▶ **Work order**
The entries should be given again so that each one matches the original exactly.

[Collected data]
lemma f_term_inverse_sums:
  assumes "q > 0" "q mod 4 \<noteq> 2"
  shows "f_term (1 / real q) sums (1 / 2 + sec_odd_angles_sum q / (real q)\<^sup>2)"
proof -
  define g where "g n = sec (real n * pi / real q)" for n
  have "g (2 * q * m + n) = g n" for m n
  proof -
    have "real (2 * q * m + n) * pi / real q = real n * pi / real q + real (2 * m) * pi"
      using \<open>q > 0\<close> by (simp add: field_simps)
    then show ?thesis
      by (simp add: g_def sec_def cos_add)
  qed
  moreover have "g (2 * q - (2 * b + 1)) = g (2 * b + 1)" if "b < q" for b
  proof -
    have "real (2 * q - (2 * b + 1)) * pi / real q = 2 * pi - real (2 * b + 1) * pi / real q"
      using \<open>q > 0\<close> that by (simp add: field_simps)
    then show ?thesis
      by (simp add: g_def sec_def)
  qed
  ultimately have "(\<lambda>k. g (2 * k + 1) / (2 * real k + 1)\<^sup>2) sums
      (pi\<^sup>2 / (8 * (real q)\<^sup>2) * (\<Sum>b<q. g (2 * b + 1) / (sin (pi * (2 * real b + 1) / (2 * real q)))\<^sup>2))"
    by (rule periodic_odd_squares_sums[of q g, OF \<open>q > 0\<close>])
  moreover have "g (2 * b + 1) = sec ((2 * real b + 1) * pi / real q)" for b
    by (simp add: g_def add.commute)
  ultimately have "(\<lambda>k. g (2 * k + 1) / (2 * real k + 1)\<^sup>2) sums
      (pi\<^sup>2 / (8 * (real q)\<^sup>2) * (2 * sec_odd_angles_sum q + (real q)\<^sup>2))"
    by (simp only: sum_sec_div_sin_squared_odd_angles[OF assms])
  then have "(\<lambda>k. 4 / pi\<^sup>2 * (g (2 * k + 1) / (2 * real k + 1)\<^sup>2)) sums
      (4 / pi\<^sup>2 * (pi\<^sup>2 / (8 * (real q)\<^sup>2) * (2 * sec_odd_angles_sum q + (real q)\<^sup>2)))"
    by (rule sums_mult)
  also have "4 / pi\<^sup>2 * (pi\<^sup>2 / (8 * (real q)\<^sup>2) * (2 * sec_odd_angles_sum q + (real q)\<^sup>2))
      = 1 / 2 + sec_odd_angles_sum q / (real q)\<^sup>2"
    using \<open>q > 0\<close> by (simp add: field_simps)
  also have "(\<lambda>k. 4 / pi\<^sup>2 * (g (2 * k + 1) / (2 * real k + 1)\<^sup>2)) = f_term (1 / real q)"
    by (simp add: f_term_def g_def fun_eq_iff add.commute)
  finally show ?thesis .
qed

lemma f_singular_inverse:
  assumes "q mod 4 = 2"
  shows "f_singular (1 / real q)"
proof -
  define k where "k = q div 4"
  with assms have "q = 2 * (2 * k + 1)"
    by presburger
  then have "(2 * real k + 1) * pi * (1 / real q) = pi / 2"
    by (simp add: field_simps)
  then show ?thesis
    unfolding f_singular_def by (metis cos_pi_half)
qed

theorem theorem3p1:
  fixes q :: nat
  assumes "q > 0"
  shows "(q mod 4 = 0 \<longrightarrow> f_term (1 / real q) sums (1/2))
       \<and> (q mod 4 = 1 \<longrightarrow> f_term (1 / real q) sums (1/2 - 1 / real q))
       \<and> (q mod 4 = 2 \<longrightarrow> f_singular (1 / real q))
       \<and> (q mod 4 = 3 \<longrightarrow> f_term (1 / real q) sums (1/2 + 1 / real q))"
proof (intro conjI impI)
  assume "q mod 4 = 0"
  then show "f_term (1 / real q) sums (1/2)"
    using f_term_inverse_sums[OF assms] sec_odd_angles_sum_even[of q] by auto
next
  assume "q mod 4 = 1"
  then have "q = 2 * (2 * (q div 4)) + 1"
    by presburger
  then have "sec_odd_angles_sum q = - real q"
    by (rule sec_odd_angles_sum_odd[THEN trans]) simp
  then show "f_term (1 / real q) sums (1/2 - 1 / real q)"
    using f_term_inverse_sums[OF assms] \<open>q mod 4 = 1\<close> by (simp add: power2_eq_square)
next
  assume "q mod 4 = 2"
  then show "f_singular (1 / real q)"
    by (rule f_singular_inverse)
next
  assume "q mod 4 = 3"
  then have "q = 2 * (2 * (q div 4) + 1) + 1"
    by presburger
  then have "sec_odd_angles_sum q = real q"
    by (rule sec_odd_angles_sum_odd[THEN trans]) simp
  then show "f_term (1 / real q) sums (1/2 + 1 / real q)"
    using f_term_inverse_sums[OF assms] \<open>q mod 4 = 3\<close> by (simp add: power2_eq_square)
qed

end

▶ **Task answer**
lemma f_term_inverse_sums:
  assumes "q > 0" "q mod 4 \<noteq> 2"
  shows "f_term (1 / real q) sums (1 / 2 + sec_odd_angles_sum q / (real q)\<^sup>2)"
proof -
  define g where "g n = sec (real n * pi / real q)" for n
  have "g (2 * q * m + n) = g n" for m n
  proof -
    have "real (2 * q * m + n) * pi / real q = real n * pi / real q + real (2 * m) * pi"
      using \<open>q > 0\<close> by (simp add: field_simps)
    then show ?thesis
      by (simp add: g_def sec_def cos_add)
  qed
  moreover have "g (2 * q - (2 * b + 1)) = g (2 * b + 1)" if "b < q" for b
  proof -
    have "real (2 * q - (2 * b + 1)) * pi / real q = 2 * pi - real (2 * b + 1) * pi / real q"
      using \<open>q > 0\<close> that by (simp add: field_simps)
    then show ?thesis
      by (simp add: g_def sec_def)
  qed
  ultimately have "(\<lambda>k. g (2 * k + 1) / (2 * real k + 1)\<^sup>2) sums
      (pi\<^sup>2 / (8 * (real q)\<^sup>2) * (\<Sum>b<q. g (2 * b + 1) / (sin (pi * (2 * real b + 1) / (2 * real q)))\<^sup>2))"
    by (rule periodic_odd_squares_sums[of q g, OF \<open>q > 0\<close>])
  moreover have "g (2 * b + 1) = sec ((2 * real b + 1) * pi / real q)" for b
    by (simp add: g_def add.commute)
  ultimately have "(\<lambda>k. g (2 * k + 1) / (2 * real k + 1)\<^sup>2) sums
      (pi\<^sup>2 / (8 * (real q)\<^sup>2) * (2 * sec_odd_angles_sum q + (real q)\<^sup>2))"
    by (simp only: sum_sec_div_sin_squared_odd_angles[OF assms])
  then have "(\<lambda>k. 4 / pi\<^sup>2 * (g (2 * k + 1) / (2 * real k + 1)\<^sup>2)) sums
      (4 / pi\<^sup>2 * (pi\<^sup>2 / (8 * (real q)\<^sup>2) * (2 * sec_odd_angles_sum q + (real q)\<^sup>2)))"
    by (rule sums_mult)
  also have "4 / pi\<^sup>2 * (pi\<^sup>2 / (8 * (real q)\<^sup>2) * (2 * sec_odd_angles_sum q + (real q)\<^sup>2))
      = 1 / 2 + sec_odd_angles_sum q / (real q)\<^sup>2"
    using \<open>q > 0\<close> by (simp add: field_simps)
  also have "(\<lambda>k. 4 / pi\<^sup>2 * (g (2 * k + 1) / (2 * real k + 1)\<^sup>2)) = f_term (1 / real q)"
    by (simp add: f_term_def g_def fun_eq_iff add.commute)
  finally show ?thesis .
qed

lemma f_singular_inverse:
  assumes "q mod 4 = 2"
  shows "f_singular (1 / real q)"
proof -
  define k where "k = q div 4"
  with assms have "q = 2 * (2 * k + 1)"
    by presburger
  then have "(2 * real k + 1) * pi * (1 / real q) = pi / 2"
    by (simp add: field_simps)
  then show ?thesis
    unfolding f_singular_def by (metis cos_pi_half)
qed

theorem theorem3p1:
  fixes q :: nat
  assumes "q > 0"
  shows "(q mod 4 = 0 \<longrightarrow> f_term (1 / real q) sums (1/2))
       \<and> (q mod 4 = 1 \<longrightarrow> f_term (1 / real q) sums (1/2 - 1 / real q))
       \<and> (q mod 4 = 2 \<longrightarrow> f_singular (1 / real q))
       \<and> (q mod 4 = 3 \<longrightarrow> f_term (1 / real q) sums (1/2 + 1 / real q))"
proof (intro conjI impI)
  assume "q mod 4 = 0"
  then show "f_term (1 / real q) sums (1/2)"
    using f_term_inverse_sums[OF assms] sec_odd_angles_sum_even[of q] by auto
next
  assume "q mod 4 = 1"
  then have "q = 2 * (2 * (q div 4)) + 1"
    by presburger
  then have "sec_odd_angles_sum q = - real q"
    by (rule sec_odd_angles_sum_odd[THEN trans]) simp
  then show "f_term (1 / real q) sums (1/2 - 1 / real q)"
    using f_term_inverse_sums[OF assms] \<open>q mod 4 = 1\<close> by (simp add: power2_eq_square)
next
  assume "q mod 4 = 2"
  then show "f_singular (1 / real q)"
    by (rule f_singular_inverse)
next
  assume "q mod 4 = 3"
  then have "q = 2 * (2 * (q div 4) + 1) + 1"
    by presburger
  then have "sec_odd_angles_sum q = real q"
    by (rule sec_odd_angles_sum_odd[THEN trans]) simp
  then show "f_term (1 / real q) sums (1/2 + 1 / real q)"
    using f_term_inverse_sums[OF assms] \<open>q mod 4 = 3\<close> by (simp add: power2_eq_square)
qed

end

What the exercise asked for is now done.